→ WORK INSTRUCTIONS
Where the material below has a line containing "qed (use second_deriv a s0 in auto)", start repeating exactly, and keep going through the line containing "unfolding opA_def by simp", with no other lines.

**** DATA PROVIDED ****

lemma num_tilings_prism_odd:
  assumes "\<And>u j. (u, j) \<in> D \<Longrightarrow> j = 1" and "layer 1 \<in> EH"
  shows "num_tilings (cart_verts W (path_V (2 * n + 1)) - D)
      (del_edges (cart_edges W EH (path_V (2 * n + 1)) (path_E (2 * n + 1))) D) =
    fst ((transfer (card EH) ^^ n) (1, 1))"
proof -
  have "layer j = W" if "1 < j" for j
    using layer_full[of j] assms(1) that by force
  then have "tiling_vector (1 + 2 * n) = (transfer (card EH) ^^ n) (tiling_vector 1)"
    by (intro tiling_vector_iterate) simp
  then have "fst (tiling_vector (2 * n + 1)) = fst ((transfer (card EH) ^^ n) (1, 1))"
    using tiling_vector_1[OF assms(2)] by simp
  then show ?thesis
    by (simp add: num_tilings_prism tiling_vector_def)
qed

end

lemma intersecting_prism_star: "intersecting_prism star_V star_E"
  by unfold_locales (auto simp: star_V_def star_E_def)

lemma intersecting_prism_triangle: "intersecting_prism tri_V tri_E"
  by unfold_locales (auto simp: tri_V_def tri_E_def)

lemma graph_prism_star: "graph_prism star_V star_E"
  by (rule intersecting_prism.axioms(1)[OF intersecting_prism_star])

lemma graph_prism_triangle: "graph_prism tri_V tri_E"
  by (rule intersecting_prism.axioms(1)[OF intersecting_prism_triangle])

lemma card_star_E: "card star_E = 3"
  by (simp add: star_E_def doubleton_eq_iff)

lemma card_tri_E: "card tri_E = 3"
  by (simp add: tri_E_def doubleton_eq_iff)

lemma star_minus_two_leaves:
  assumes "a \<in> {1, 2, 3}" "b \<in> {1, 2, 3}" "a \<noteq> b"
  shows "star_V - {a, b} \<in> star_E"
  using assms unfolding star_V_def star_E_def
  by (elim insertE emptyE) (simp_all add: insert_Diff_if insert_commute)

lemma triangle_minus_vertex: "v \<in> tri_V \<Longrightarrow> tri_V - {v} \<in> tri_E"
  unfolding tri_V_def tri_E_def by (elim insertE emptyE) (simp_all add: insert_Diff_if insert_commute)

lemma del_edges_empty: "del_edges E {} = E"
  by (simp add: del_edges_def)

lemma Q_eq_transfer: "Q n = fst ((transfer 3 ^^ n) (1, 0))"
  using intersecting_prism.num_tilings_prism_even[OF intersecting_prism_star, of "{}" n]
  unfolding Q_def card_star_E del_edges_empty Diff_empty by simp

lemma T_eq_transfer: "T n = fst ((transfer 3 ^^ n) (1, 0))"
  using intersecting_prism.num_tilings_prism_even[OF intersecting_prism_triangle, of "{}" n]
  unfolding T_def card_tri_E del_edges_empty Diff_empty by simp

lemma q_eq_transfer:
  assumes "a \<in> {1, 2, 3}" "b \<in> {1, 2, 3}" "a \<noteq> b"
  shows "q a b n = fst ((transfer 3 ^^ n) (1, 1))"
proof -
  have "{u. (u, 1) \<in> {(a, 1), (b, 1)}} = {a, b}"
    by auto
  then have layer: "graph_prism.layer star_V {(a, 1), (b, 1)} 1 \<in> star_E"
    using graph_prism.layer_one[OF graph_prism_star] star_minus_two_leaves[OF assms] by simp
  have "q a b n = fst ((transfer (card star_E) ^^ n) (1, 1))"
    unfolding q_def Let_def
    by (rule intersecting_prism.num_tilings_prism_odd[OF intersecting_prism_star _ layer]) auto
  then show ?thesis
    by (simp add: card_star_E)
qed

****
**** DATA PROVIDED ****

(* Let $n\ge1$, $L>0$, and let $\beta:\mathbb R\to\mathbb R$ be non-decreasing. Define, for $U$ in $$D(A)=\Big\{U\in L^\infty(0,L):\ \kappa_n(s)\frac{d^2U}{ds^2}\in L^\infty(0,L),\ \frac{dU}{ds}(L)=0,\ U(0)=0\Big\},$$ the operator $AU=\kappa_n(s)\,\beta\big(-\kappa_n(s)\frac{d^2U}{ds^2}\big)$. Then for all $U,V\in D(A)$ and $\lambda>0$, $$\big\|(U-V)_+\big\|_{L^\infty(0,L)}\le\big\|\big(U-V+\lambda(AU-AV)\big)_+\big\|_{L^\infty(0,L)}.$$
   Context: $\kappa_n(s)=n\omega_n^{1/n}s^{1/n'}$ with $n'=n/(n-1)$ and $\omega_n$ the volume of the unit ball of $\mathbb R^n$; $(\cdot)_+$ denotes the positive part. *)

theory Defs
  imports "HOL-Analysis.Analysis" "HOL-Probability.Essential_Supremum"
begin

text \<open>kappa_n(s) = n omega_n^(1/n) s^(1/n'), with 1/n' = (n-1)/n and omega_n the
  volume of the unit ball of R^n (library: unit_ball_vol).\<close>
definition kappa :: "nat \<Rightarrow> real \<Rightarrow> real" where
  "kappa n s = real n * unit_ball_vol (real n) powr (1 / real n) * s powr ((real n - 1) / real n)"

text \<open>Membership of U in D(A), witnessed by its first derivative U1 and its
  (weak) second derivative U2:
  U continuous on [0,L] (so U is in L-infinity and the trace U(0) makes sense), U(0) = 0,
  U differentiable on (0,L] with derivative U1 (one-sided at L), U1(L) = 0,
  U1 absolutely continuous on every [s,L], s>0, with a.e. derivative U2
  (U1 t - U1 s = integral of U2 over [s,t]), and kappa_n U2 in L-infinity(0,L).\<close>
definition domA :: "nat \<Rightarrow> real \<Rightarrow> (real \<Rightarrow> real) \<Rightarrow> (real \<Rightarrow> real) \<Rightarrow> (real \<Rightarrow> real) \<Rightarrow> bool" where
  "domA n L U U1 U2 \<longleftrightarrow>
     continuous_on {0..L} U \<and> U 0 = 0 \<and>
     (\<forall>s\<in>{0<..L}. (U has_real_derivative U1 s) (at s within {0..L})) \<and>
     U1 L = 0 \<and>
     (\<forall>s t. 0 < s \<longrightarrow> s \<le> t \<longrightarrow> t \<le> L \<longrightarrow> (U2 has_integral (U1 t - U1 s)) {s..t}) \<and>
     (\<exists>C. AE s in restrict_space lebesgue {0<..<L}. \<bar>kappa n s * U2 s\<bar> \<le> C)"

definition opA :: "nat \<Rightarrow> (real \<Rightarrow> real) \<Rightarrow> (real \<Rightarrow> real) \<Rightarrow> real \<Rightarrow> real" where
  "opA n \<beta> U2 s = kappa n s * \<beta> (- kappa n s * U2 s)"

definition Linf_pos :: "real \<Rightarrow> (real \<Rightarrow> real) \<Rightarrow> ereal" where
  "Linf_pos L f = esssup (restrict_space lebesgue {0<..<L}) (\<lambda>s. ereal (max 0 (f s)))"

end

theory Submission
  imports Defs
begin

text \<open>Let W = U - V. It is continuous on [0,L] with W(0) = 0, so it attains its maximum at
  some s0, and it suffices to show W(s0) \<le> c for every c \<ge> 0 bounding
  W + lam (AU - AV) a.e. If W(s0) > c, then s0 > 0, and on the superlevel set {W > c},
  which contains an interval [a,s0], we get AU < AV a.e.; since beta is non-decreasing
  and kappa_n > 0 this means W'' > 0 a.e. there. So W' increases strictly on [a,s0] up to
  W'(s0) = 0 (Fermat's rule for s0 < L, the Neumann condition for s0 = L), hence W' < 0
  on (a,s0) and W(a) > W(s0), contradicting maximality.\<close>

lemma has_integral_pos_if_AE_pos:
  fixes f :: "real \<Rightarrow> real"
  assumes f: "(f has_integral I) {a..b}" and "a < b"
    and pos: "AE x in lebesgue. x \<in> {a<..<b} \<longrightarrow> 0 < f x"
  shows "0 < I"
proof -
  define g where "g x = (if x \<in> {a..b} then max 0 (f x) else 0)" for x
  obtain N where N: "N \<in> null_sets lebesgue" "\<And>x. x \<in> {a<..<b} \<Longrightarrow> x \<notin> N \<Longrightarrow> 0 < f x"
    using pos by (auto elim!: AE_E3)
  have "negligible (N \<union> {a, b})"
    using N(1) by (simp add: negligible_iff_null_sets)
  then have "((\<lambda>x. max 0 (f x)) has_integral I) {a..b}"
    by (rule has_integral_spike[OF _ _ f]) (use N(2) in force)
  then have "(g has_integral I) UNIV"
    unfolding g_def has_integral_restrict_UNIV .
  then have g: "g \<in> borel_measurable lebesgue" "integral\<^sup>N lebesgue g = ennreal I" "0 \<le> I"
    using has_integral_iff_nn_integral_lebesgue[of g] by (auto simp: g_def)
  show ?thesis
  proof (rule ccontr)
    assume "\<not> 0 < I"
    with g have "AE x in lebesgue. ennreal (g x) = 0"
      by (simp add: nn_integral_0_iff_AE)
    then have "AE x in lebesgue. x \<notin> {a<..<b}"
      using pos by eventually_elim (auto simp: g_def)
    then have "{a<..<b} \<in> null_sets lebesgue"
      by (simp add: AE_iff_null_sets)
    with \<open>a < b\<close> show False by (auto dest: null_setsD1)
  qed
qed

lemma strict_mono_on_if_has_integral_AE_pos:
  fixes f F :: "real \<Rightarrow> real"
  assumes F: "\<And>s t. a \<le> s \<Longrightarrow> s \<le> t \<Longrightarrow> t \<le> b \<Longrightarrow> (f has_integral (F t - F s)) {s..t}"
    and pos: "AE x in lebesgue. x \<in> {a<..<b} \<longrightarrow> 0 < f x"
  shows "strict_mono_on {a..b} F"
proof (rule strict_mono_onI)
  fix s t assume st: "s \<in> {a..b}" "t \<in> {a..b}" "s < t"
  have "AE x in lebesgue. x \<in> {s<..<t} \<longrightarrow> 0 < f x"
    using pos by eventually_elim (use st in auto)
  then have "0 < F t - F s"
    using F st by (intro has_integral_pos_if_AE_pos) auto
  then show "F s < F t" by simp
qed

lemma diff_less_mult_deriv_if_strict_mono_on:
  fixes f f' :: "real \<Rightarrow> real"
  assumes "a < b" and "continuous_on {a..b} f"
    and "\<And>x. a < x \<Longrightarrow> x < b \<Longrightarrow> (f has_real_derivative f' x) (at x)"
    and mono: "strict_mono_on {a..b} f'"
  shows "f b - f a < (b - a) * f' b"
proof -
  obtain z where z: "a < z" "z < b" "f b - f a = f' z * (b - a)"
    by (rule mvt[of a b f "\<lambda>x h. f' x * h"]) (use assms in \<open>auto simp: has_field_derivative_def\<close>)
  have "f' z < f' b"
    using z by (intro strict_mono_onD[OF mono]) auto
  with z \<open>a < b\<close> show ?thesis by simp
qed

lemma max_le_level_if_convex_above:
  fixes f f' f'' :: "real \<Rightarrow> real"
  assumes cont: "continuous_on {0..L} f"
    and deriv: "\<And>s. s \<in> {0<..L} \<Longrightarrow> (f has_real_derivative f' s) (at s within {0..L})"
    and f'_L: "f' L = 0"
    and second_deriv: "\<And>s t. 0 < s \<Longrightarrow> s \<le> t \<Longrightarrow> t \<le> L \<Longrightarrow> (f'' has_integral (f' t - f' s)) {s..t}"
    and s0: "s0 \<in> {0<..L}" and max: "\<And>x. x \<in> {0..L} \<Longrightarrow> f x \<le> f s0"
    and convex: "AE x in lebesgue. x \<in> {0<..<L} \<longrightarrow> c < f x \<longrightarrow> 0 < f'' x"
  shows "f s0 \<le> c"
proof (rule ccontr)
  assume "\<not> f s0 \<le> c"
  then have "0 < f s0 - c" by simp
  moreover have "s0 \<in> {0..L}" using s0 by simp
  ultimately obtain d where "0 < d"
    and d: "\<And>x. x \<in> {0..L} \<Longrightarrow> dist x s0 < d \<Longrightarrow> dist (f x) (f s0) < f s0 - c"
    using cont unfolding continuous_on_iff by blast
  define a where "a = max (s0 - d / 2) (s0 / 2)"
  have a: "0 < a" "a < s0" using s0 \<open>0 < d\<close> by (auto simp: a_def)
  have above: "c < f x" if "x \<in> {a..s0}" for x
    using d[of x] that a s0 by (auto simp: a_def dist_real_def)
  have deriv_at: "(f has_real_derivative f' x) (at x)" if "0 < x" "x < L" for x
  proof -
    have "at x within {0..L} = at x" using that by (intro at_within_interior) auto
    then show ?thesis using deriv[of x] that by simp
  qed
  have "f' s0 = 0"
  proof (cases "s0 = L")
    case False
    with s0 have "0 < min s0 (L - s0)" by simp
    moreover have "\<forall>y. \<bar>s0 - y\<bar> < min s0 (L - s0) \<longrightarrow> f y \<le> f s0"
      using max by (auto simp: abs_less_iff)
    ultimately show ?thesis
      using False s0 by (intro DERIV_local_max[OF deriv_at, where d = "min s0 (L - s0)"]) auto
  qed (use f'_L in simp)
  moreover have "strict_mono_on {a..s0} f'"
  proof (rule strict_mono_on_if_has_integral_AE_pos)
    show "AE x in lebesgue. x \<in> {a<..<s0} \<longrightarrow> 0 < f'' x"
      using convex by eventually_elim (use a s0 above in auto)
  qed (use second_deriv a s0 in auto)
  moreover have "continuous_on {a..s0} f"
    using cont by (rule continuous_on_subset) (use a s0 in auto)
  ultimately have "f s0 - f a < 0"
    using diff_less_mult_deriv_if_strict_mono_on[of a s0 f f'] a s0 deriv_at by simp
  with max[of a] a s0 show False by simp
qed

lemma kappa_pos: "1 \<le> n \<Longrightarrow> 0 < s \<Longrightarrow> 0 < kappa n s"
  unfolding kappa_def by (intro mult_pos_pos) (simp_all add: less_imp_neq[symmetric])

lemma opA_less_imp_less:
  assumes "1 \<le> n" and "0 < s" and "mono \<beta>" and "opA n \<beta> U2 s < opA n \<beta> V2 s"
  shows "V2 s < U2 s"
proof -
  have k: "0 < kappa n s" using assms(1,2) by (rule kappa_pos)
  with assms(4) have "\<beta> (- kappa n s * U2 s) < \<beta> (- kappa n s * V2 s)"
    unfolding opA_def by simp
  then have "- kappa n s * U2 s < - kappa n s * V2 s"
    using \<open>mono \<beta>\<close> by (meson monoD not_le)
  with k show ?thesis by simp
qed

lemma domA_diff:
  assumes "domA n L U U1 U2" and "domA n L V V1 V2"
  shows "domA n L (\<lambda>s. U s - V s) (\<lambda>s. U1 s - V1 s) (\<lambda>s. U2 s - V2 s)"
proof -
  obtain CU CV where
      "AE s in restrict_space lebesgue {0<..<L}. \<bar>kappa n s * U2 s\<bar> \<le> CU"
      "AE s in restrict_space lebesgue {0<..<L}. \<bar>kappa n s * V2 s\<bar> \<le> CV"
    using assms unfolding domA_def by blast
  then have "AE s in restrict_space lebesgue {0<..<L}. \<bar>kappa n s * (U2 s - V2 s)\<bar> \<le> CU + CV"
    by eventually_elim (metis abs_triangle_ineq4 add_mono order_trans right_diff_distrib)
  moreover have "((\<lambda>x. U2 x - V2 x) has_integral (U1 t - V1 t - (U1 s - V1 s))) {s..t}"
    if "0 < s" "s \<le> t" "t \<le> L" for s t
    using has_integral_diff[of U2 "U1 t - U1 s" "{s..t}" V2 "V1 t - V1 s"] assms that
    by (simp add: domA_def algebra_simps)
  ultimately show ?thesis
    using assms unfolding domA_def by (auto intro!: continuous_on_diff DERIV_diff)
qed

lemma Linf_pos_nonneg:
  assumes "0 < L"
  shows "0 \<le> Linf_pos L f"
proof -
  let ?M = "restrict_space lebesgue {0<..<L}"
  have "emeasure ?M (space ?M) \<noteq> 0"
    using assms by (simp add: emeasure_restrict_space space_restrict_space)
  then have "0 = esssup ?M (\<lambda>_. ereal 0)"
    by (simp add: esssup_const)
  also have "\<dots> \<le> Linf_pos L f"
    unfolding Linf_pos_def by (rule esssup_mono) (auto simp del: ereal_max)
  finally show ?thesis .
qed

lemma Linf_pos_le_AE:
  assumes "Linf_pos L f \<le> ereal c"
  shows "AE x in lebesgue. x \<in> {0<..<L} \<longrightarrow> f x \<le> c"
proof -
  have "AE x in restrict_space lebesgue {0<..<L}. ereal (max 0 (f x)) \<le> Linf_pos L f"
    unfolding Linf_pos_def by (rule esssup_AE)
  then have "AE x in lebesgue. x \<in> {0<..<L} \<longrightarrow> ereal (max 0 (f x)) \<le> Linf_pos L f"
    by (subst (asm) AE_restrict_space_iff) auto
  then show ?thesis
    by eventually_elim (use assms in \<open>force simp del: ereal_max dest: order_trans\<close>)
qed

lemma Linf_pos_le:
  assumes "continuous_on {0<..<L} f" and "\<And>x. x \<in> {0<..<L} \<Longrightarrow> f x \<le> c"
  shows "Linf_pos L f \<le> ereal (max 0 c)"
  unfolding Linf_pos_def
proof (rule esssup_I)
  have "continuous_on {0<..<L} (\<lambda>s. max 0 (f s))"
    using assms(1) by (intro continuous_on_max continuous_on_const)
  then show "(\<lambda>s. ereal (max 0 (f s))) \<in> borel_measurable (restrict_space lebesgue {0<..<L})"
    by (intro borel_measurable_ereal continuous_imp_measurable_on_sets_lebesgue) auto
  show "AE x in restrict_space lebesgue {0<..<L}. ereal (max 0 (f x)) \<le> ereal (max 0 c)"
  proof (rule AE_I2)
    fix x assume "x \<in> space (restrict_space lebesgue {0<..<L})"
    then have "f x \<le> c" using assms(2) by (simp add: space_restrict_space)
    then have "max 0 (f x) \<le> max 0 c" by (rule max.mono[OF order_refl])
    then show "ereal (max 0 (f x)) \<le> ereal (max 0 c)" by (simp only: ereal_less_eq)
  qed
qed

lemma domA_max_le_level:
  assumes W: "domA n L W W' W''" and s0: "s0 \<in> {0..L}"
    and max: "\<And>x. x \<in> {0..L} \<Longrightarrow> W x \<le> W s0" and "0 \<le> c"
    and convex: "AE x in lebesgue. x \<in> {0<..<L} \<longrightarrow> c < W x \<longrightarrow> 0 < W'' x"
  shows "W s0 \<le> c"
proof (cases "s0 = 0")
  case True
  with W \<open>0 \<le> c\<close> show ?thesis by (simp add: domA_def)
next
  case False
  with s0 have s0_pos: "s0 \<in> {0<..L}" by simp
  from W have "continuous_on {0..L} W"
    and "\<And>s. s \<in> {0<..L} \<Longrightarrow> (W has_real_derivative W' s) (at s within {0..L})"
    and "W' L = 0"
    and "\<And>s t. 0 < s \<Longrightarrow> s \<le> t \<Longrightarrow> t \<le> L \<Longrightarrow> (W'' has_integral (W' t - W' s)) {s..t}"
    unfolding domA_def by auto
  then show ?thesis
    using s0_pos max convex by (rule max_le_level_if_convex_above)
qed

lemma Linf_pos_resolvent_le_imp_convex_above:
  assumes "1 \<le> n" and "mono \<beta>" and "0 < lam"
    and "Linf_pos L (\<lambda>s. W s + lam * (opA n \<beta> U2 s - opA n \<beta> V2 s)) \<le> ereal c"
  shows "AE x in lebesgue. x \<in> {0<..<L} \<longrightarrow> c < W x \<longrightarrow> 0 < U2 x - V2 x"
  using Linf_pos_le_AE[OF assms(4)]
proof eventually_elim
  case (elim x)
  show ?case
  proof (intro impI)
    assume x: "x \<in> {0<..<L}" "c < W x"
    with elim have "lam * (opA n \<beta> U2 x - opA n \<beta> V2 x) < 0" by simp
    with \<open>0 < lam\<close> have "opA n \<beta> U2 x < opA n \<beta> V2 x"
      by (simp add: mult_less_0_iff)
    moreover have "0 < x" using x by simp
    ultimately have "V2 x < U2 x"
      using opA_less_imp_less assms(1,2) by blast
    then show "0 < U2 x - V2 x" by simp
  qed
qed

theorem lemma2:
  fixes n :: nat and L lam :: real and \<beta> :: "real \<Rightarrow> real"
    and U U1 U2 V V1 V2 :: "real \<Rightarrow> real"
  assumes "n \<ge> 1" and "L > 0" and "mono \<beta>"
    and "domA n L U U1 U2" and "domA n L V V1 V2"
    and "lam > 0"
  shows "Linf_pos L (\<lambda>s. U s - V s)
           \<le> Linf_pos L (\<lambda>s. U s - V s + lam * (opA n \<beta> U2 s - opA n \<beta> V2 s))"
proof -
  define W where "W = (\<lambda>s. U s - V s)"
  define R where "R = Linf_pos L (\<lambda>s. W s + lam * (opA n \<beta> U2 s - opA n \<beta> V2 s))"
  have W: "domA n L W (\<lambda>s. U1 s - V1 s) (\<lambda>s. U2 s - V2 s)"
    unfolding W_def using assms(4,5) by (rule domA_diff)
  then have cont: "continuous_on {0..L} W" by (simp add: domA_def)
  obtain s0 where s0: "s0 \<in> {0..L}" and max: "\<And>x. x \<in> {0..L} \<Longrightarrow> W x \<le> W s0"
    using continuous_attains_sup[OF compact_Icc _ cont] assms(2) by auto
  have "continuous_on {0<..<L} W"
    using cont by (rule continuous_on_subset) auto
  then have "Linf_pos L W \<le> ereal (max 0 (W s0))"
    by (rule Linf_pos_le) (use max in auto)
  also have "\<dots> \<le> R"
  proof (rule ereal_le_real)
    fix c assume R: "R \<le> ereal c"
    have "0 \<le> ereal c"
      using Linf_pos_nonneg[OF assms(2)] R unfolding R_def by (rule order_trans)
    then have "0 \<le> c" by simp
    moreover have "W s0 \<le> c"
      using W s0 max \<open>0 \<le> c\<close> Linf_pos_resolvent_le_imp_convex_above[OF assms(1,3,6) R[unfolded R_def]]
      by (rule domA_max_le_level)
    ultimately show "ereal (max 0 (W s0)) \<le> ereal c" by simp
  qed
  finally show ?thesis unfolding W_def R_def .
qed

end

****

→ RESULT FOR THIS TASK
  qed (use second_deriv a s0 in auto)
  moreover have "continuous_on {a..s0} f"
    using cont by (rule continuous_on_subset) (use a s0 in auto)
  ultimately have "f s0 - f a < 0"
    using diff_less_mult_deriv_if_strict_mono_on[of a s0 f f'] a s0 deriv_at by simp
  with max[of a] a s0 show False by simp
qed

lemma kappa_pos: "1 \<le> n \<Longrightarrow> 0 < s \<Longrightarrow> 0 < kappa n s"
  unfolding kappa_def by (intro mult_pos_pos) (simp_all add: less_imp_neq[symmetric])

lemma opA_less_imp_less:
  assumes "1 \<le> n" and "0 < s" and "mono \<beta>" and "opA n \<beta> U2 s < opA n \<beta> V2 s"
  shows "V2 s < U2 s"
proof -
  have k: "0 < kappa n s" using assms(1,2) by (rule kappa_pos)
  with assms(4) have "\<beta> (- kappa n s * U2 s) < \<beta> (- kappa n s * V2 s)"
    unfolding opA_def by simp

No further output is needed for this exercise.